Dans un avenir proche, les experts auditionnés anticipent une intégration plus générale des ZKP à mesure que ces systèmes vont gagner en performances. Par ailleurs, des solutions de ZKP résistantes aux attaques quantiques existent et sont des sujets de recherche en cours. D’autres pistes de recherches sur les ZKP tendent à les combiner ou à les fabriquer à partir d’autres briques cryptographiques. Ainsi, le « MPC-in-the-head », un paradigme de construction d'un système de ZKP à partir d'un protocole de calcul multipartite (MPC), a fait l’objet de plusieurs publications scientifiques. D’autres travaux en cours combinent les ZKP avec le FHE pour la confidentialité et la vérifiabilité des calculs de données chiffrées, comme discuté plus haut.

 

Les signatures de groupe

 

Cette technologie a été introduite dans les années 1990 par Chaum et van Heyst. Elle désigne un type de signature électronique pour un groupe de personnes. Au groupe est associée une unique clé publique de vérification de la signature. Chaque membre du groupe possède sa propre clé privée de signature avec laquelle il peut générer des signatures pouvant être vérifiées avec la clé publique du groupe. Ce type de signature permet à un membre du groupe de prouver son appartenance au groupe sans avoir à révéler son identité (c’est-à-dire qu’il est en pratique difficile de déterminer quel membre du groupe a généré la signature). Chaque membre du groupe peut signer des messages au nom du groupe et, comme n’importe quelle signature électronique, n’importe qui peut vérifier la signature. Il est possible de donner à une autorité de confiance le pouvoir de révéler l’identité du signataire.

 

Les signatures de groupe sont un mécanisme cryptographique éprouvé. Certaines formes de signatures de groupe sont déjà standardisées à l’ISO (l’organisation internationale de normalisation) dans la norme ISO/IEC 20008. Des signatures de groupe sont utilisées dans le monde industriel, notamment dans les cryptoprocesseurs TPM (Trusted Platform Module), sous la forme de Direct Anonymous Attestations, une primitive cryptographique permettant d’authentifier à distance le TPM tout en préservant l’identité de l’utilisateur de la plateforme contenant le module. Une approche similaire est utilisée dans les processeurs Intel (sous la forme d’EPID, Enhanced Privacy ID).

 

Néanmoins, l’un des experts interrogés regrette que les signatures de groupe ne soient cantonnées qu’à la recherche et au développement, malgré l’existence d’implémentations efficaces et de standards établis. Un exemple d’application évoqué, qui fonctionnerait efficacement en pratique, serait l’utilisation des signatures de groupe pour contrôler l’accès à l’entrée d’un immeuble ou encore la vérification d’âge respectueuse de la vie privée. À ce sujet, le LINC a publié un démonstrateur du mécanisme de vérification de l’âge basé sur les signatures de groupe.

 

Conclusion

 

À l’heure où la protection de la vie privée est une préoccupation majeure, les entretiens avec des experts en cryptographie ont permis de tirer plusieurs enseignements.

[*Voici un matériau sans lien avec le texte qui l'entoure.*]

(* Let $G$ be a graph, $m\geq 3$, and $\mathcal{H}=(L,H)$ an $m$-fold cover of $G$. Let $\alpha_1,\alpha_2,\alpha_3$ be a path in $G$ with $\alpha_1\alpha_3\notin E(G)$, let $e_1=\alpha_1\alpha_2$, $e_2=\alpha_2\alpha_3$, and let $G_0=G-\{e_1,e_2\}$, $G_1=G-\{e_1\}$, $G_2=G-\{e_2\}$, and $G^*$ the graph obtained from $G$ by adding the edge $\alpha_1\alpha_3$. Let $H'=H-(E_H(L(\alpha_1),L(\alpha_2))\cup E_H(L(\alpha_2),L(\alpha_3)))$, so $\mathcal{H}'=(L,H')$ is an $m$-fold cover of $G_0$, and assume there is a natural bijection between the $\mathcal{H}'$-colorings of $G_0$ and the proper $m$-colorings of $G_0$. Define $A_1=P(G_0,m)-P(G,m)$, $A_2=P(G_0,m)-P(G_2,m)+\frac{1}{m-1}P(G,m)$, $A_3=P(G_0,m)-P(G_1,m)+\frac{1}{m-1}P(G,m)$, $A_4=\frac{1}{m-1}\left(P(G_1,m)+P(G_2,m)+P(G^*,m)-P(G,m)\right)$, $A_5=\frac{1}{m-1}\left(P(G_1,m)+P(G_2,m)-\frac{1}{m-2}P(G^*,m)\right)$. Then $P_{DP}(G,\mathcal{H})\geq P(G_0,m)-\max\{A_1,A_2,A_3,A_4,A_5\}$. Moreover, there exists an $m$-fold cover $\mathcal{H}^*$ of $G$ with $P_{DP}(G,\mathcal{H}^* )=P(G_0,m)-\max\{A_1,A_2,A_3,A_4,A_5\}$.
   Context: All graphs are finite and simple; $G-F$ denotes deletion of the edge set $F$. $P(G,m)$ denotes the chromatic polynomial of $G$. A cover of a graph $G$ is a pair $\mathcal{H}=(L,H)$ where $H$ is a graph and $L:V(G)\to\mathcal{P}(V(H))$ satisfies: (1) the sets $L(u)$, $u\in V(G)$, partition $V(H)$; (2) for every $u$, $H[L(u)]$ is complete; (3) if $E_H(L(u),L(v))\neq\emptyset$ then $u=v$ or $uv\in E(G)$; (4) if $uv\in E(G)$ then $E_H(L(u),L(v))$ is a matching (possibly empty). Here $E_H(S,U)$ is the set of edges of $H$ between $S$ and $U$. The cover is $m$-fold if $|L(u)|=m$ for all $u$. An $\mathcal{H}$-coloring is an independent set of $H$ of size $|V(G)|$; $P_{DP}(G,\mathcal{H})$ is the number of $\mathcal{H}$-colorings. For an $m$-fold cover $\mathcal{H}=(L,H)$ of $G$, we say there is a natural bijection between the $\mathcal{H}$-colorings of $G$ and the proper $m$-colorings of $G$ if the elements of each $L(v)$ can be labeled $L(v)=\{(v,j):j\in[m]\}$ so that whenever $uv\in E(G)$, $(u,j)$ and $(v,j)$ are adjacent in $H$ for every $j\in[m]$. *)

theory Defs
  imports Complex_Main "HOL-Library.FuncSet"
begin

definition simple_graph :: "'a set \<Rightarrow> 'a set set \<Rightarrow> bool" where
  "simple_graph V E \<longleftrightarrow> finite V \<and> (\<forall>e\<in>E. \<exists>u v. e = {u, v} \<and> u \<noteq> v \<and> u \<in> V \<and> v \<in> V)"

definition proper_colorings :: "'a set \<Rightarrow> 'a set set \<Rightarrow> nat \<Rightarrow> ('a \<Rightarrow> nat) set" where
  "proper_colorings V E m = {f \<in> V \<rightarrow>\<^sub>E {..<m}. \<forall>u v. {u, v} \<in> E \<longrightarrow> f u \<noteq> f v}"

definition chrom_poly :: "'a set \<Rightarrow> 'a set set \<Rightarrow> nat \<Rightarrow> nat" where
  "chrom_poly V E m = card (proper_colorings V E m)"

definition edges_between :: "'b set set \<Rightarrow> 'b set \<Rightarrow> 'b set \<Rightarrow> 'b set set" where
  "edges_between EH S U = {e \<in> EH. \<exists>x\<in>S. \<exists>y\<in>U. e = {x, y}}"

definition is_cover :: "'a set \<Rightarrow> 'a set set \<Rightarrow> ('a \<Rightarrow> 'b set) \<Rightarrow> 'b set \<Rightarrow> 'b set set \<Rightarrow> bool" where
  "is_cover V E L VH EH \<longleftrightarrow>
     simple_graph VH EH \<and>
     \<comment> \<open>(1) the L(u) partition V(H)\<close>
     (\<Union>u\<in>V. L u) = VH \<and>
     (\<forall>u\<in>V. \<forall>v\<in>V. u \<noteq> v \<longrightarrow> L u \<inter> L v = {}) \<and>
     \<comment> \<open>(2) each H[L(u)] is complete\<close>
     (\<forall>u\<in>V. \<forall>x\<in>L u. \<forall>y\<in>L u. x \<noteq> y \<longrightarrow> {x, y} \<in> EH) \<and>
     \<comment> \<open>(3) edges of H only between L(u), L(v) with u = v or uv an edge\<close>
     (\<forall>u\<in>V. \<forall>v\<in>V. edges_between EH (L u) (L v) \<noteq> {} \<longrightarrow> u = v \<or> {u, v} \<in> E) \<and>
     \<comment> \<open>(4) for uv an edge, E_H(L(u),L(v)) is a matching\<close>
     (\<forall>u\<in>V. \<forall>v\<in>V. {u, v} \<in> E \<longrightarrow>
        (\<forall>e1\<in>edges_between EH (L u) (L v). \<forall>e2\<in>edges_between EH (L u) (L v).
            e1 \<noteq> e2 \<longrightarrow> e1 \<inter> e2 = {}))"

definition is_mfold_cover :: "'a set \<Rightarrow> 'a set set \<Rightarrow> nat \<Rightarrow> ('a \<Rightarrow> 'b set) \<Rightarrow> 'b set \<Rightarrow> 'b set set \<Rightarrow> bool" where
  "is_mfold_cover V E m L VH EH \<longleftrightarrow> is_cover V E L VH EH \<and> (\<forall>u\<in>V. card (L u) = m)"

L'émergence des privacy-enhancing technologies (PETs) comme le chiffrement homomorphe (FHE) et les preuves de connaissance à divulgation nulle de connaissance (ZKP) ou les signatures de groupe offre des solutions innovantes pour répondre à ces préoccupations. Malgré les avancées significatives dans ces domaines, des défis persistent, notamment en termes de performance et de praticabilité. Toutefois, avec l’intérêt croissant de l'industrie et les efforts continus de la recherche, l'adoption généralisée de ces technologies semble de plus en plus réaliste.

Bien que le RGPD ne mentionne pas explicitement ces technologies, son article 25 sur la « protection des données dès la conception et par défaut » souligne leur importance qu’elles pourraient avoir pour respecter cette obligation. La CNIL pourrait promouvoir et encourager leur utilisation dans le cadre de la mise en œuvre du règlement afin de renforcer la protection des données personnelles.  

 

[1] Gentry, C. (2009, Mai). Fully homomorphic encryption using ideal lattices. In Proceedings of the forty-first annual ACM symposium on Theory of computing (pp. 169-178).